BRIDGING CENTRALITY AND EXTREMITY: REFINING EMPIRICAL DATA DEPTH USING EXTREME VALUE STATISTICS

Article

Einmahl, John H. J.; Li, Jun; Lui, Regina Y.

Tilburg University; University of California System; University of California Riverside; Rutgers University System; Rutgers University New Brunswick

ANNALS OF STATISTICS

0090-5364

10.1214/15-AOS1359

2015

2738-2765

Statistical depth measures the centrality of a point with respect to a given distribution or data cloud. It provides a natural center-outward ordering of multivariate data points and yields a systematic nonparametric multivariate analysis scheme. In particular, the half-space depth is shown to have many desirable properties and broad applicability.
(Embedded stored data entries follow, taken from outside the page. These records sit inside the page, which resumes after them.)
(* There exists a context-free language $L$ such that $L \leftarrow L$ is not context-free.
   Context: Outfix-guided insertion: $x \leftarrow y = \{ x_1 u z v x_2 \mid x = x_1 u v x_2,\ y = u z v,\ u \neq \varepsilon,\ v \neq \varepsilon \}$; for languages, $L_1 \leftarrow L_2 = \bigcup_{x \in L_1, y \in L_2} x \leftarrow y$. *)

theory Defs
  imports Main
begin

text \<open>A production (A, alpha) rewrites nonterminal A into the sentential form alpha,
  where Inl B denotes nonterminal B and Inr a denotes terminal a.\<close>

type_synonym 'a cfg_prods = "(nat \<times> (nat + 'a) list) set"

definition derive1 :: "'a cfg_prods \<Rightarrow> (nat + 'a) list \<Rightarrow> (nat + 'a) list \<Rightarrow> bool" where
  "derive1 P u v \<longleftrightarrow> (\<exists>l A r alpha. u = l @ [Inl A] @ r \<and> (A, alpha) \<in> P \<and> v = l @ alpha @ r)"

definition cfg_lang :: "'a cfg_prods \<Rightarrow> nat \<Rightarrow> 'a list set" where
  "cfg_lang P S = {w. (derive1 P)\<^sup>*\<^sup>* [Inl S] (map Inr w)}"

definition context_free :: "'a list set \<Rightarrow> bool" where
  "context_free L \<longleftrightarrow> (\<exists>P S. finite P \<and> L = cfg_lang P S)"

definition outfix_ins :: "'a list \<Rightarrow> 'a list \<Rightarrow> 'a list set" where
  "outfix_ins x y = {x1 @ u @ z @ v @ x2 | x1 u z v x2.
      x = x1 @ u @ v @ x2 \<and> y = u @ z @ v \<and> u \<noteq> [] \<and> v \<noteq> []}"

definition outfix_ins_lang :: "'a list set \<Rightarrow> 'a list set \<Rightarrow> 'a list set" where
  "outfix_ins_lang L1 L2 = (\<Union>x\<in>L1. \<Union>y\<in>L2. outfix_ins x y)"

end

theory Submission
  imports Defs
begin

(*
  L = {0 1^n 2 3^n 6} \<union> {0 1^n 4 5^n 2} is generated by a linear grammar. The letter 0 occurs
  exactly once in every word of L, at the front, so an outfix-guided insertion of y into x must
  start at the front of x; it ends with the last letter of y, which again occurs only once in x.
  Hence every word of L \<leftarrow> L is a word of L or 0 1^m 4 5^m 2 3^n 6 with n \<le> m
  (insert y = 0 1^m 4 5^m 2 into x = 0 1^n 2 3^n 6 through u = 0 1^n, v = 2).
  Pumping 0 1^k 4 5^k 2 3^k 6 for large k can neither touch the letters 0, 2, 4, 6 nor change
  the numbers of 1s, 3s and 5s independently, so it must pump 1s and 3s together; but these
  are separated by 4 5^k 2, which is longer than the pumping window. The pumping lemma for
  context-free grammars is proved with minimal parse trees.
*)

lemma count_list_replicate: "count_list (replicate n a) b = (if a = b then n else 0)"
  by (induction n) auto

lemma append_eq_split_at_unique:
  assumes "p @ s = q @ c # t" "p \<noteq> []" "last p = c" "c \<notin> set q" "c \<notin> set t"
  shows "p = q @ [c] \<and> s = t"
proof -
  obtain us where "p = q @ us \<and> us @ s = c # t \<or> p @ us = q \<and> s = us @ c # t"
    using assms(1) by (auto simp: append_eq_append_conv2)
  then show ?thesis
  proof (elim disjE conjE)
    assume p: "p = q @ us" and s: "us @ s = c # t"
    then show ?thesis
      using assms(2-5) last_in_set
      by (cases us) (auto simp: Cons_eq_append_conv split: if_splits)
  next
    assume "p @ us = q"
    then show ?thesis
      using assms(2-4) by auto
  qed
qed

lemma append_eq_length_less:
  assumes "s @ f @ t = A @ R" "x \<in> set f" "x \<notin> set R"
  shows "length s < length A"
proof (rule ccontr)
  assume "\<not> length s < length A"
  then have "f @ t = drop (length s - length A) R"
    using arg_cong[OF assms(1), of "drop (length s)"] by simp
  then have "set f \<subseteq> set R"
    by (metis Un_subset_iff set_append set_drop_subset)
  then show False
    using assms(2,3) by blast
qed

lemma infix_longer_than_middle:
  assumes "s @ f @ t = A @ M @ C" "x \<in> set f" "x \<notin> set (M @ C)" "y \<in> set f" "y \<notin> set (A @ M)"
  shows "length M < length f"
proof -
  have "length s < length A"
    using append_eq_length_less assms(1-3) by metis
  moreover have "rev t @ rev f @ rev s = rev C @ rev (A @ M)"
    using arg_cong[OF assms(1), of rev] by simp
  then have "length (rev t) < length (rev C)"
    using append_eq_length_less assms(4,5) by (metis set_rev)
  moreover have "length s + length f + length t = length A + length M + length C"
    using arg_cong[OF assms(1), of length] by simp
  ultimately show ?thesis
    by simp
qed

section \<open>Parse trees\<close>

datatype 'a ptree = Leaf "nat + 'a" | Node nat "'a ptree list"

fun root :: "'a ptree \<Rightarrow> nat + 'a" where
  "root (Leaf s) = s"
| "root (Node A ts) = Inl A"

fun fringe :: "'a ptree \<Rightarrow> (nat + 'a) list" where
  "fringe (Leaf s) = [s]"
| "fringe (Node A ts) = concat (map fringe ts)"

fun valid_tree :: "'a cfg_prods \<Rightarrow> 'a ptree \<Rightarrow> bool" where
  "valid_tree P (Leaf s) = True"
| "valid_tree P (Node A ts) = ((A, map root ts) \<in> P \<and> (\<forall>t\<in>set ts. valid_tree P t))"

lemma derive1_append_context: "derive1 P a b \<Longrightarrow> derive1 P (l @ a @ r) (l @ b @ r)"
  unfolding derive1_def by (metis append.assoc)

lemma derives_append_context:
  "(derive1 P)\<^sup>*\<^sup>* a b \<Longrightarrow> (derive1 P)\<^sup>*\<^sup>* (l @ a @ r) (l @ b @ r)"
  by (induction rule: rtranclp_induct)
    (auto intro: rtranclp.rtrancl_into_rtrancl derive1_append_context)

lemma derives_concat:
  "\<forall>t\<in>set ts. (derive1 P)\<^sup>*\<^sup>* [root t] (fringe t) \<Longrightarrow>
   (derive1 P)\<^sup>*\<^sup>* (map root ts) (concat (map fringe ts))"
proof (induction ts)
  case (Cons t ts)
  have "(derive1 P)\<^sup>*\<^sup>* ([] @ [root t] @ map root ts) ([] @ fringe t @ map root ts)"
    using Cons.prems by (intro derives_append_context) auto
  moreover have "(derive1 P)\<^sup>*\<^sup>* (fringe t @ map root ts @ [])
      (fringe t @ concat (map fringe ts) @ [])"
    using Cons by (intro derives_append_context) auto
  ultimately show ?case by simp
qed simp

lemma valid_tree_derives: "valid_tree P t \<Longrightarrow> (derive1 P)\<^sup>*\<^sup>* [root t] (fringe t)"
proof (induction t)
  case (Node A ts)
  have "derive1 P [Inl A] (map root ts)"
    using Node.prems unfolding derive1_def by (auto intro!: exI[of _ "[]"])
  moreover have "(derive1 P)\<^sup>*\<^sup>* (map root ts) (concat (map fringe ts))"
    using Node by (intro derives_concat) auto
  ultimately show ?case by simp
qed simp

lemma derives_valid_forest:
  "(derive1 P)\<^sup>*\<^sup>* a b \<Longrightarrow>
   \<exists>ts. (\<forall>t\<in>set ts. valid_tree P t) \<and> map root ts = a \<and> concat (map fringe ts) = b"
proof (induction rule: converse_rtranclp_induct)
  case base
  have "map root (map Leaf b) = b \<and> concat (map fringe (map Leaf b)) = b"
    by (induction b) auto
  then show ?case by (intro exI[of _ "map Leaf b"]) auto
next
  case (step a a')
  then obtain ts where
    ts: "\<forall>t\<in>set ts. valid_tree P t" "map root ts = a'" "concat (map fringe ts) = b"
    by blast
  from step.hyps(1) obtain l A r alpha where
    d: "a = l @ [Inl A] @ r" "(A, alpha) \<in> P" "a' = l @ alpha @ r"
    unfolding derive1_def by blast
  from ts(2) d(3) obtain ts1 ts2 ts3 where
    s: "ts = ts1 @ ts2 @ ts3" "map root ts1 = l" "map root ts2 = alpha" "map root ts3 = r"
    by (auto simp: map_eq_append_conv append_eq_map_conv)
  let ?ts = "ts1 @ [Node A ts2] @ ts3"
  have "(\<forall>t\<in>set ?ts. valid_tree P t) \<and> map root ?ts = a \<and> concat (map fringe ?ts) = b"
    using ts s d by auto
  then show ?case by blast
qed

lemma cfg_lang_iff_parse_tree:
  "w \<in> cfg_lang P S \<longleftrightarrow> (\<exists>t. valid_tree P t \<and> root t = Inl S \<and> fringe t = map Inr w)"
proof
  assume "w \<in> cfg_lang P S"
  then have "(derive1 P)\<^sup>*\<^sup>* [Inl S] (map Inr w)"
    unfolding cfg_lang_def by simp
  from derives_valid_forest[OF this] obtain ts where
    ts: "\<forall>t\<in>set ts. valid_tree P t" "map root ts = [Inl S]" "concat (map fringe ts) = map Inr w"
    by (elim exE conjE)
  from ts(2) obtain t where "ts = [t]"
    by (auto simp: map_eq_Cons_conv)
  then show "\<exists>t. valid_tree P t \<and> root t = Inl S \<and> fringe t = map Inr w"
    using ts by auto
next
  assume "\<exists>t. valid_tree P t \<and> root t = Inl S \<and> fringe t = map Inr w"
  then show "w \<in> cfg_lang P S"
    unfolding cfg_lang_def using valid_tree_derives by force
qed

section \<open>The pumping lemma\<close>

fun tree_size :: "'a ptree \<Rightarrow> nat" where
  "tree_size (Leaf s) = 1"
| "tree_size (Node A ts) = Suc (sum_list (map tree_size ts))"

fun height :: "'a ptree \<Rightarrow> nat" where
  "height (Leaf s) = 0"
| "height (Node A ts) = Suc (Max (insert 0 (height ` set ts)))"

fun nonterms :: "'a ptree \<Rightarrow> nat set" where
  "nonterms (Leaf s) = {}"
| "nonterms (Node A ts) = insert A (\<Union>t\<in>set ts. nonterms t)"

fun repetition_free :: "'a ptree \<Rightarrow> bool" where
  "repetition_free (Leaf s) = True"
| "repetition_free (Node A ts) = (\<forall>t\<in>set ts. repetition_free t \<and> A \<notin> nonterms t)"

inductive subtree :: "'a ptree \<Rightarrow> 'a ptree \<Rightarrow> bool" where
  subtree_refl: "subtree t t"
| subtree_child: "subtree s c \<Longrightarrow> c \<in> set ts \<Longrightarrow> subtree s (Node A ts)"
However, the empirical half-space depth is zero outside the convex hull of the data. This property has rendered the empirical half-space depth useless outside the data cloud, and limited its utility in applications where the extreme outlying probability mass is the focal point, such as in classification problems and control charts with very small false alarm rates. To address this issue, we apply extreme value statistics to refine the empirical half-space depth in the tail. This provides an important linkage between data depth, which is useful for inference on centrality, and extreme value statistics, which is useful for inference on extremity. The refined empirical half-space depth can thus extend all its utilities beyond the data cloud, and hence broaden greatly its applicability. The refined estimator is shown to have substantially improved upon the empirical estimator in theory and simulations. The benefit of this improvement is also demonstrated through the applications in classification and statistical process control.